Stored data >>

lemma abs_pdiffs_bilinear_le:
  fixes pr :: "'a::real_normed_vector \<Rightarrow> 'b::real_normed_vector \<Rightarrow> real"
  assumes pr: "bounded_bilinear pr" and pr_le: "\<And>a b. \<bar>pr a b\<bar> \<le> K * (norm a * norm b)"
    and F: "\<And>n. pderiv_tower n F" and G: "\<And>n. pderiv_tower n G"
    and F_le: "\<And>js z. z \<in> paramU \<Longrightarrow> norm (F js z) \<le> fact (length js) * prod_list (map c js) * M"
    and G_le: "\<And>js z. z \<in> paramU \<Longrightarrow> norm (G js z) \<le> fact (length js) * prod_list (map c js) * M'"
    and K: "K \<ge> 0" and c: "\<And>j. c j \<ge> 0" and y: "y \<in> paramU"
  shows "\<bar>pdiffs js (\<lambda>z. pr (F [] z) (G [] z)) y\<bar> \<le> K * M * M' * fact (length js + 1) * prod_list (map c js)"
proof -
  have "\<bar>pr (F a y) (G b y)\<bar> \<le> K * M * M' * prod_list (map c js) * (fact (length a) * fact (length b))"
    if ab: "(a, b) \<in> set (bipartitions js)" for a b
  proof -
    have "0 \<le> fact (length a) * prod_list (map c a) * M"
      using norm_ge_zero[of "F a y"] F_le[OF y, of a] by linarith
    then have "norm (F a y) * norm (G b y) \<le>
        (fact (length a) * prod_list (map c a) * M) * (fact (length b) * prod_list (map c b) * M')"
      using F_le[OF y] G_le[OF y] by (intro mult_mono) auto
    then have "\<bar>pr (F a y) (G b y)\<bar> \<le>
        K * ((fact (length a) * prod_list (map c a) * M) * (fact (length b) * prod_list (map c b) * M'))"
      using pr_le K by (meson mult_left_mono order_trans)
    then show ?thesis
      using prod_list_bipartitions[OF ab, of c] by (simp add: ac_simps)
  qed
  then have "(\<Sum>(a, b)\<leftarrow>bipartitions js. \<bar>pr (F a y) (G b y)\<bar>) \<le>
      (\<Sum>(a, b)\<leftarrow>bipartitions js. K * M * M' * prod_list (map c js) * (fact (length a) * fact (length b)))"
    by (intro sum_list_mono) auto
  also have "\<dots> = K * M * M' * prod_list (map c js) * fact (length js + 1)"
    using sum_list_bipartitions_fact[of js] by (simp add: split_def sum_list_const_mult)
  finally show ?thesis
    using pdiffs_bilinear[OF pr F G order_refl y] sum_list_abs[of "map (\<lambda>(a, b). pr (F a y) (G b y)) (bipartitions js)"]
    by (simp add: split_def o_def ac_simps)
qed

section \<open>Derivatives of the parametric solution\<close>

text \<open>The library lemma \<open>summable_norm_cancel\<close> is stated for class \<open>banach\<close>, to which a type
  variable of sort \<open>{real_normed_vector, complete_space}\<close> does not belong.\<close>
lemma summable_norm_cancel_complete:
  fixes f :: "nat \<Rightarrow> 'a::{real_normed_vector, complete_space}"
  assumes "summable (\<lambda>n. norm (f n))"
  shows "summable f"
  unfolding summable_iff_convergent Cauchy_convergent_iff [symmetric] Cauchy_iff
proof (intro allI impI)
  fix e :: real
  assume "0 < e"
  then obtain N where N: "\<And>m n. m \<ge> N \<Longrightarrow> norm (\<Sum>k\<in>{m..<n}. norm (f k)) < e"
    using assms[unfolded summable_Cauchy] by blast
  have tail: "norm (sum f {m..<n}) < e" if "m \<ge> N" for m n
    using N[OF that, of n] norm_sum[of f "{m..<n}"] by (simp add: sum_nonneg)
  have "norm (sum f {..<m} - sum f {..<n}) < e" if "m \<ge> N" "n \<ge> N" for m n
  proof (cases m n rule: le_cases)
    case le
    then show ?thesis
      by (metis tail finite_lessThan lessThan_minus_lessThan lessThan_subset_iff norm_minus_commute
          sum_diff \<open>m \<ge> N\<close>)
  next
    case ge
    then show ?thesis
      by (metis tail finite_lessThan lessThan_minus_lessThan lessThan_subset_iff sum_diff \<open>n \<ge> N\<close>)
  qed
  then show "\<exists>M. \<forall>m\<ge>M. \<forall>n\<ge>M. norm (sum f {..<m} - sum f {..<n}) < e"
    by blast
qed

lemma has_vector_derivative_scaleR_continuous:
  assumes "(k \<longlongrightarrow> k s) (at s within S)"
  shows "((\<lambda>t. (t - s) *\<^sub>R k t) has_vector_derivative k s) (at s within S)"
proof -
  have "((\<lambda>t. ((t - s) *\<^sub>R k t - (s - s) *\<^sub>R k s - (t - s) *\<^sub>R k s) /\<^sub>R norm (t - s)) \<longlongrightarrow> 0)
      (at s within S)"
  proof (rule tendsto_norm_zero_cancel, rule Lim_transform_eventually)
    show "((\<lambda>t. norm (k t - k s)) \<longlongrightarrow> 0) (at s within S)"
      using assms by (simp add: tendsto_norm_zero_iff LIM_zero_iff)
    show "\<forall>\<^sub>F t in at s within S. norm (k t - k s) =
        norm (((t - s) *\<^sub>R k t - (s - s) *\<^sub>R k s - (t - s) *\<^sub>R k s) /\<^sub>R norm (t - s))"
      by (auto simp: eventually_at_filter scaleR_diff_right[symmetric] abs_mult)
  qed
  then show ?thesis
    by (simp add: has_vector_derivative_def has_derivative_at_within bounded_linear_scaleR_left)
qed

locale affine_parametric_operator =
  fixes B0 :: "'x::real_normed_vector \<Rightarrow> 'y::{real_normed_vector, complete_space}"
    and Bj :: "nat \<Rightarrow> 'x \<Rightarrow> 'y" and b :: "nat \<Rightarrow> real" and \<beta>1 :: real
  assumes B0_lin: "bounded_linear B0"
    and Bj_lin: "\<And>j. bounded_linear (Bj j)"
    and b_nonneg: "\<And>j. b j \<ge> 0" and b_summable: "summable b"
    and Bj_bound: "\<And>j w. norm (Bj j w) \<le> \<beta>1 * b j * norm w"
    and \<beta>1_pos: "\<beta>1 > 0"
    and B_bij: "\<And>y. y \<in> paramU \<Longrightarrow> bij (Bop B0 Bj y)"
    and B_inv_bound: "\<And>y g. y \<in> paramU \<Longrightarrow> norm (inv (Bop B0 Bj y) g) \<le> norm g / \<beta>1"
begin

Activity >> Go through the lines above. Select every one that has the string "then".

Worked solution >>
    then have "norm (F a y) * norm (G b y) \<le>
    then have "\<bar>pr (F a y) (G b y)\<bar> \<le>
    then show ?thesis
  then have "(\<Sum>(a, b)\<leftarrow>bipartitions js. \<bar>pr (F a y) (G b y)\<bar>) \<le>
  then obtain N where N: "\<And>m n. m \<ge> N \<Longrightarrow> norm (\<Sum>k\<in>{m..<n}. norm (f k)) < e"
    then show ?thesis
    then show ?thesis
  then show "\<exists>M. \<forall>m\<ge>M. \<forall>n\<ge>M. norm (sum f {..<m} - sum f {..<n}) < e"
  then show ?thesis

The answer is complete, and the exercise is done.